Task details => Among the records that follow, find each line holding the word "define" and copy it.
Start of Information supplied
(* Let $X$ be a graph on vertex set $V$, $|V|=n$, which may have loops (no multiple edges), with vertex degrees $d_i$ (each loop counted once), and let $\tau$ be the least eigenvalue of its adjacency matrix $A$. Let $S$ be an independent set of size $s\ge1$ containing $s_1$ vertices with loops, and put $\bar d_S=\frac1s\sum_{i\in S}d_i$, $k_S=2\bar d_S-\frac1n\sum_{i\in V}d_i$. If $k_S>\tau$, then \[ s\le n\,\frac{-\tau+\sqrt{\tau^2+4s_1\frac{k_S-\tau}{n}}}{2(k_S-\tau)}. \]
   Context: The adjacency matrix has $A_{ii}=1$ if vertex $i$ carries a loop and $0$ otherwise, and $A_{ij}=1$ for adjacent distinct $i,j$. An independent set is a set of vertices no two distinct members of which are adjacent; looped vertices may belong to it. *)

theory Defs
  imports "HOL-Analysis.Analysis"
begin

text \<open>A graph possibly with loops on the finite vertex type 'n, given by a symmetric
  relation E; E i i means vertex i carries a loop.\<close>

definition adj_matrix :: "('n::finite \<Rightarrow> 'n \<Rightarrow> bool) \<Rightarrow> real^'n^'n" where
  "adj_matrix E = (\<chi> i j. if E i j then 1 else 0)"

definition degree :: "('n::finite \<Rightarrow> 'n \<Rightarrow> bool) \<Rightarrow> 'n \<Rightarrow> nat" where
  "degree E i = card {j. E i j}"

definition independent_set :: "('n \<Rightarrow> 'n \<Rightarrow> bool) \<Rightarrow> 'n set \<Rightarrow> bool" where
  "independent_set E S \<longleftrightarrow> (\<forall>i\<in>S. \<forall>j\<in>S. i \<noteq> j \<longrightarrow> \<not> E i j)"

definition is_eigenvalue :: "real^'n^'n \<Rightarrow> real \<Rightarrow> bool" where
  "is_eigenvalue A c \<longleftrightarrow> (\<exists>v. v \<noteq> 0 \<and> A *v v = c *\<^sub>R v)"

definition least_eigenvalue :: "real^'n^'n \<Rightarrow> real" where
  "least_eigenvalue A = Min {c. is_eigenvalue A c}"

end

theory Submission
  imports Defs
begin

text \<open>Rayleigh's principle gives \<open>x \<bullet> (A *v x) \<ge> \<tau> * (x \<bullet> x)\<close> for every real vector \<open>x\<close>.
  Take \<open>x = \<chi>\<^sub>S - (s/n) *\<^sub>R 1\<close>. For an independent set \<open>S\<close>, \<open>\<chi>\<^sub>S \<bullet> (A *v \<chi>\<^sub>S)\<close> counts
  only the loops in \<open>S\<close>, while \<open>\<chi>\<^sub>S \<bullet> (A *v 1)\<close> and \<open>1 \<bullet> (A *v 1)\<close> are the degree sums over
  \<open>S\<close> and over \<open>V\<close>. The resulting inequality is quadratic in \<open>s/n\<close>, with leading
  coefficient \<open>k\<^sub>S - \<tau> > 0\<close>, and bounding \<open>s/n\<close> by its larger root gives the claim.\<close>

lemma quadratic_le_imp_le_root:
  fixes a b c x :: real
  assumes "a > 0" and "a * x\<^sup>2 + b * x \<le> c"
  shows "x \<le> (- b + sqrt (b\<^sup>2 + 4 * a * c)) / (2 * a)"
proof -
  have "(2 * a * x + b)\<^sup>2 = 4 * a * (a * x\<^sup>2 + b * x) + b\<^sup>2"
    by (simp add: power2_eq_square algebra_simps)
  also have "\<dots> \<le> b\<^sup>2 + 4 * a * c"
    using assms by simp
  finally have "2 * a * x + b \<le> sqrt (b\<^sup>2 + 4 * a * c)"
    by (rule real_le_rsqrt)
  thus ?thesis
    using assms(1) by (simp add: field_simps)
qed

lemma quadratic_nonneg_imp_linear_coeff_zero:
  fixes a b :: real
  assumes nonneg: "\<And>t. 0 \<le> a * t + b * t\<^sup>2"
  shows "a = 0"
proof (rule ccontr)
  assume "a \<noteq> 0"
  define t where "t = - a / (\<bar>b\<bar> + 1)"
  have "t \<noteq> 0" and a_eq: "a = - t * (\<bar>b\<bar> + 1)"
    using \<open>a \<noteq> 0\<close> by (simp_all add: t_def add_pos_nonneg)
  have "a * t + b * t\<^sup>2 = t\<^sup>2 * (b - \<bar>b\<bar> - 1)"
    unfolding a_eq by (simp add: power2_eq_square algebra_simps)
  also have "\<dots> < 0"
    using \<open>t \<noteq> 0\<close> by (intro mult_pos_neg) auto
  finally show False
    using nonneg[of t] by simp
qed

lemma inner_symmetric_matrix_vector:
  fixes M :: "real^'n^'n"
  assumes "transpose M = M"
  shows "x \<bullet> (M *v y) = (M *v x) \<bullet> y"
  by (metis assms dot_lmul_matrix transpose_matrix_vector)

lemma rayleigh_minimizer_is_eigenvector:
  fixes M :: "real^'n^'n"
  assumes sym: "transpose M = M"
    and form_ge: "\<And>x. \<mu> * (x \<bullet> x) \<le> x \<bullet> (M *v x)"
    and attained: "u \<bullet> (M *v u) = \<mu> * (u \<bullet> u)"
  shows "M *v u = \<mu> *\<^sub>R u"
proof -
  define r where "r = M *v u - \<mu> *\<^sub>R u"
  have "0 \<le> (2 * (r \<bullet> r)) * t + (r \<bullet> (M *v r) - \<mu> * (r \<bullet> r)) * t\<^sup>2" for t
  proof -
    let ?x = "u + t *\<^sub>R r"
    have "u \<bullet> (M *v r) = (M *v u) \<bullet> r"
      by (rule inner_symmetric_matrix_vector[OF sym])
    hence "?x \<bullet> (M *v ?x) - \<mu> * (?x \<bullet> ?x)
        = (2 * (r \<bullet> r)) * t + (r \<bullet> (M *v r) - \<mu> * (r \<bullet> r)) * t\<^sup>2"
      using attained
      by (simp add: r_def matrix_vector_right_distrib matrix_vector_mult_scaleR inner_add_left
          inner_add_right inner_diff_left inner_diff_right inner_commute power2_eq_square algebra_simps)
    thus ?thesis
      using form_ge[of ?x] by linarith
  qed
  hence "2 * (r \<bullet> r) = 0"
    by (rule quadratic_nonneg_imp_linear_coeff_zero)
  thus ?thesis
    by (simp add: r_def)
qed

lemma rayleigh_quotient_attains_min:
  fixes M :: "real^'n^'n"
  obtains u where "norm u = 1" and "\<And>x. (u \<bullet> (M *v u)) * (x \<bullet> x) \<le> x \<bullet> (M *v x)"
proof -
  let ?Q = "\<lambda>x::real^'n. x \<bullet> (M *v x)"
  have "continuous_on (sphere 0 1) ?Q"
    by (intro continuous_intros matrix_vector_mult_linear_continuous_on[THEN continuous_on_compose2])
      auto
  moreover have "sphere (0::real^'n) 1 \<noteq> {}"
    by simp
  ultimately obtain u where u: "u \<in> sphere 0 1"
    and umin: "\<And>y. y \<in> sphere 0 1 \<Longrightarrow> ?Q u \<le> ?Q y"
    using continuous_attains_inf[OF compact_sphere] by blast
  have "?Q u * (x \<bullet> x) \<le> ?Q x" for x
  proof (cases "x = 0")
    case False
    have "?Q u \<le> ?Q ((1 / norm x) *\<^sub>R x)"
      using False by (intro umin) simp
    also have "\<dots> = ?Q x / (norm x)\<^sup>2"
      by (simp add: matrix_vector_mult_scaleR power2_eq_square)
    finally show ?thesis
      using False by (simp add: field_simps dot_square_norm)
  qed simp
  with u show thesis
    using that by simp
qed

lemma finite_eigenvalues_symmetric:
  fixes M :: "real^'n^'n"
  assumes sym: "transpose M = M"
  shows "finite {c. is_eigenvalue M c}"
proof -
  let ?E = "{c. is_eigenvalue M c}"
  define v where "v c = (SOME v. v \<noteq> 0 \<and> M *v v = c *\<^sub>R v)" for c
  have v: "v c \<noteq> 0" "M *v v c = c *\<^sub>R v c" if "c \<in> ?E" for c
    using that someI_ex[of "\<lambda>v. v \<noteq> 0 \<and> M *v v = c *\<^sub>R v"]
    unfolding v_def is_eigenvalue_def by auto
  have orth: "v c \<bullet> v d = 0" if "c \<in> ?E" "d \<in> ?E" "c \<noteq> d" for c d
  proof -
    have "c * (v c \<bullet> v d) = (M *v v c) \<bullet> v d"
      using v(2)[OF that(1)] by simp
    also have "\<dots> = v c \<bullet> (M *v v d)"
      by (rule inner_symmetric_matrix_vector[OF sym, symmetric])
    also have "\<dots> = d * (v c \<bullet> v d)"
      using v(2)[OF that(2)] by simp
    finally show ?thesis
      using that(3) by (simp add: algebra_simps)
  qed
  have "inj_on v ?E"
  proof (rule inj_onI)
    fix c d
    assume "c \<in> ?E" "d \<in> ?E" "v c = v d"
    thus "c = d"
      using orth[of c d] v(1)[of c] by auto
  qed
  moreover have "finite (v ` ?E)"
    using orth v(1)
    by (intro finiteI_independent pairwise_orthogonal_independent)
      (auto simp: pairwise_def orthogonal_def)
  ultimately show ?thesis
    using finite_imageD by blast
qed

lemma least_eigenvalue_le_rayleigh:
  fixes M :: "real^'n^'n"
  assumes sym: "transpose M = M"
  shows "least_eigenvalue M * (x \<bullet> x) \<le> x \<bullet> (M *v x)"
proof -
  obtain u where u: "norm u = 1"
    and form_ge: "\<And>x. (u \<bullet> (M *v u)) * (x \<bullet> x) \<le> x \<bullet> (M *v x)"
    using rayleigh_quotient_attains_min[of M] by blast
  define \<mu> where "\<mu> = u \<bullet> (M *v u)"
  have "u \<bullet> u = 1"
    using u by (simp add: dot_square_norm)
  hence "M *v u = \<mu> *\<^sub>R u"
    using sym form_ge by (intro rayleigh_minimizer_is_eigenvector) (simp_all add: \<mu>_def)
  hence "is_eigenvalue M \<mu>"
    using u unfolding is_eigenvalue_def by (intro exI[of _ u]) auto
  moreover have "\<mu> \<le> c" if eigen: "is_eigenvalue M c" for c
  proof -
    obtain w where "w \<noteq> 0" and "M *v w = c *\<^sub>R w"
      using eigen unfolding is_eigenvalue_def by blast
    hence "\<mu> * (w \<bullet> w) \<le> c * (w \<bullet> w)"
      using form_ge[of w] by (simp add: \<mu>_def)
    thus ?thesis
      using \<open>w \<noteq> 0\<close> by (simp add: mult_le_cancel_right)
  qed
  ultimately have "least_eigenvalue M = \<mu>"
    unfolding least_eigenvalue_def using finite_eigenvalues_symmetric[OF sym] by (intro Min_eqI) auto
  thus ?thesis
    using form_ge by (simp add: \<mu>_def)
qed

definition indicator_vec :: "'n set \<Rightarrow> real^'n::finite" where
  "indicator_vec T = (\<chi> i. if i \<in> T then 1 else 0)"

lemma inner_indicator_vec_left: "indicator_vec T \<bullet> v = (\<Sum>i\<in>T. v $ i)"
  by (simp add: indicator_vec_def inner_vec_def if_distrib[of "\<lambda>x. x * _"] sum.If_cases)

lemma inner_indicator_vec_indicator_vec:
  "indicator_vec T \<bullet> indicator_vec U = real (card (T \<inter> U))"
  unfolding inner_indicator_vec_left by (simp add: indicator_vec_def sum.If_cases)

lemma inner_indicator_vec_adj_matrix:
  "indicator_vec T \<bullet> (adj_matrix E *v indicator_vec U) = (\<Sum>i\<in>T. real (card {j\<in>U. E i j}))"
proof -
  have "(adj_matrix E *v indicator_vec U) $ i = real (card {j\<in>U. E i j})" for i
    by (simp add: adj_matrix_def indicator_vec_def matrix_vector_mult_def
        if_distrib[of "\<lambda>x. x * _"] sum.If_cases Collect_conj_eq Int_commute)
  thus ?thesis
    by (simp add: inner_indicator_vec_left)
qed

lemma adj_matrix_symmetric:
  assumes "\<And>i j. E i j \<longleftrightarrow> E j i"
  shows "transpose (adj_matrix E) = adj_matrix E"
  using assms by (simp add: adj_matrix_def transpose_def vec_eq_iff)

lemma independent_set_inner_adj_matrix:
  assumes "independent_set E S"
  shows "indicator_vec S \<bullet> (adj_matrix E *v indicator_vec S) = real (card {i\<in>S. E i i})"
proof -
  have "{j\<in>S. E i j} = (if E i i then {i} else {})" if "i \<in> S" for i
    using assms that unfolding independent_set_def by auto
  hence "(\<Sum>i\<in>S. real (card {j\<in>S. E i j})) = (\<Sum>i\<in>S. if E i i then 1 else 0)"
    by (intro sum.cong) auto
  thus ?thesis
    by (simp add: inner_indicator_vec_adj_matrix sum.If_cases Collect_conj_eq Int_commute)
qed

lemma independent_set_quadratic_form_bound:
  fixes E :: "'n::finite \<Rightarrow> 'n \<Rightarrow> bool" and \<alpha> :: real
  assumes sym: "\<And>i j. E i j \<longleftrightarrow> E j i" and indep: "independent_set E S"
  shows "least_eigenvalue (adj_matrix E)
           * (real (card S) - 2 * \<alpha> * real (card S) + \<alpha>\<^sup>2 * real CARD('n))
         \<le> real (card {i\<in>S. E i i}) - 2 * \<alpha> * (\<Sum>i\<in>S. real (degree E i))
           + \<alpha>\<^sup>2 * (\<Sum>i\<in>UNIV. real (degree E i))"
proof -
  let ?A = "adj_matrix E" and ?\<chi> = "indicator_vec S" and ?one = "indicator_vec UNIV"
  let ?x = "?\<chi> - \<alpha> *\<^sub>R ?one"
  have A_sym: "transpose ?A = ?A"
    using sym by (rule adj_matrix_symmetric)
  have "?one \<bullet> (?A *v ?\<chi>) = ?\<chi> \<bullet> (?A *v ?one)"
    using inner_symmetric_matrix_vector[OF A_sym, of ?one ?\<chi>] by (simp add: inner_commute)
  hence "?x \<bullet> (?A *v ?x) = real (card {i\<in>S. E i i}) - 2 * \<alpha> * (\<Sum>i\<in>S. real (degree E i))
           + \<alpha>\<^sup>2 * (\<Sum>i\<in>UNIV. real (degree E i))"
    using independent_set_inner_adj_matrix[OF indep]
    by (simp add: matrix_vector_mult_diff_distrib matrix_vector_mult_scaleR inner_diff_left
        inner_diff_right inner_indicator_vec_adj_matrix degree_def power2_eq_square algebra_simps)
  moreover have "?x \<bullet> ?x = real (card S) - 2 * \<alpha> * real (card S) + \<alpha>\<^sup>2 * real CARD('n)"
    by (simp add: inner_diff_left inner_diff_right inner_indicator_vec_indicator_vec inner_commute
        power2_eq_square algebra_simps)
  ultimately show ?thesis
    using least_eigenvalue_le_rayleigh[OF A_sym, of ?x] by simp
qed

theorem corollary3p4:
  fixes E :: "'n::finite \<Rightarrow> 'n \<Rightarrow> bool" and S :: "'n set"
  assumes sym: "\<And>i j. E i j \<longleftrightarrow> E j i"
    and indep: "independent_set E S"
    and s_pos: "card S \<ge> 1"
    and kS_gt: "let n = real CARD('n); s = real (card S);
                  dS = (\<Sum>i\<in>S. real (degree E i)) / s;
                  kS = 2 * dS - (\<Sum>i\<in>UNIV. real (degree E i)) / n;
                  \<tau> = least_eigenvalue (adj_matrix E)
                in kS > \<tau>"
  shows "let n = real CARD('n); s = real (card S);
             s1 = real (card {i\<in>S. E i i});
             dS = (\<Sum>i\<in>S. real (degree E i)) / s;
             kS = 2 * dS - (\<Sum>i\<in>UNIV. real (degree E i)) / n;
             \<tau> = least_eigenvalue (adj_matrix E)
         in s \<le> n * (- \<tau> + sqrt (\<tau>\<^sup>2 + 4 * s1 * (kS - \<tau>) / n)) / (2 * (kS - \<tau>))"
proof -
  define n where "n = real CARD('n)"
  define s where "s = real (card S)"
  define s1 where "s1 = real (card {i\<in>S. E i i})"
  define P where "P = (\<Sum>i\<in>S. real (degree E i))"
  define D where "D = (\<Sum>i\<in>UNIV. real (degree E i))"
  define \<tau> where "\<tau> = least_eigenvalue (adj_matrix E)"
  define K where "K = 2 * (P / s) - D / n - \<tau>"
  have "n > 0" and "s > 0"
    using s_pos by (simp_all add: n_def s_def)
  have "K > 0"
    using kS_gt by (simp add: Let_def K_def n_def s_def P_def D_def \<tau>_def)
  have "\<tau> * (s - 2 * (s / n) * s + (s / n)\<^sup>2 * n) \<le> s1 - 2 * (s / n) * P + (s / n)\<^sup>2 * D"
    unfolding n_def s_def s1_def P_def D_def \<tau>_def
    by (rule independent_set_quadratic_form_bound[OF sym indep])
  moreover have "n * (K * (s / n)\<^sup>2 + \<tau> * (s / n) - s1 / n)
      = \<tau> * (s - 2 * (s / n) * s + (s / n)\<^sup>2 * n) - (s1 - 2 * (s / n) * P + (s / n)\<^sup>2 * D)"
    using \<open>n > 0\<close> \<open>s > 0\<close> by (simp add: K_def field_simps power2_eq_square)
  ultimately have "n * (K * (s / n)\<^sup>2 + \<tau> * (s / n) - s1 / n) \<le> 0"
    by linarith
  hence "K * (s / n)\<^sup>2 + \<tau> * (s / n) \<le> s1 / n"
    using \<open>n > 0\<close> by (simp add: mult_le_0_iff)
  hence "s / n \<le> (- \<tau> + sqrt (\<tau>\<^sup>2 + 4 * K * (s1 / n))) / (2 * K)"
    by (rule quadratic_le_imp_le_root[OF \<open>K > 0\<close>])
  hence "s \<le> n * (- \<tau> + sqrt (\<tau>\<^sup>2 + 4 * s1 * K / n)) / (2 * K)"
    using \<open>n > 0\<close> by (simp add: divide_le_eq mult_ac)
  thus ?thesis
    by (simp add: Let_def K_def n_def s_def s1_def P_def D_def \<tau>_def)
qed
end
End of Information supplied
Result of the exercise =>
  define t where "t = - a / (\<bar>b\<bar> + 1)"
  define r where "r = M *v u - \<mu> *\<^sub>R u"
  define v where "v c = (SOME v. v \<noteq> 0 \<and> M *v v = c *\<^sub>R v)" for c
  define \<mu> where "\<mu> = u \<bullet> (M *v u)"
  define n where "n = real CARD('n)"
  define s where "s = real (card S)"
  define s1 where "s1 = real (card {i\<in>S. E i i})"
  define P where "P = (\<Sum>i\<in>S. real (degree E i))"
  define D where "D = (\<Sum>i\<in>UNIV. real (degree E i))"
  define \<tau> where "\<tau> = least_eigenvalue (adj_matrix E)"
  define K where "K = 2 * (P / s) - D / n - \<tau>"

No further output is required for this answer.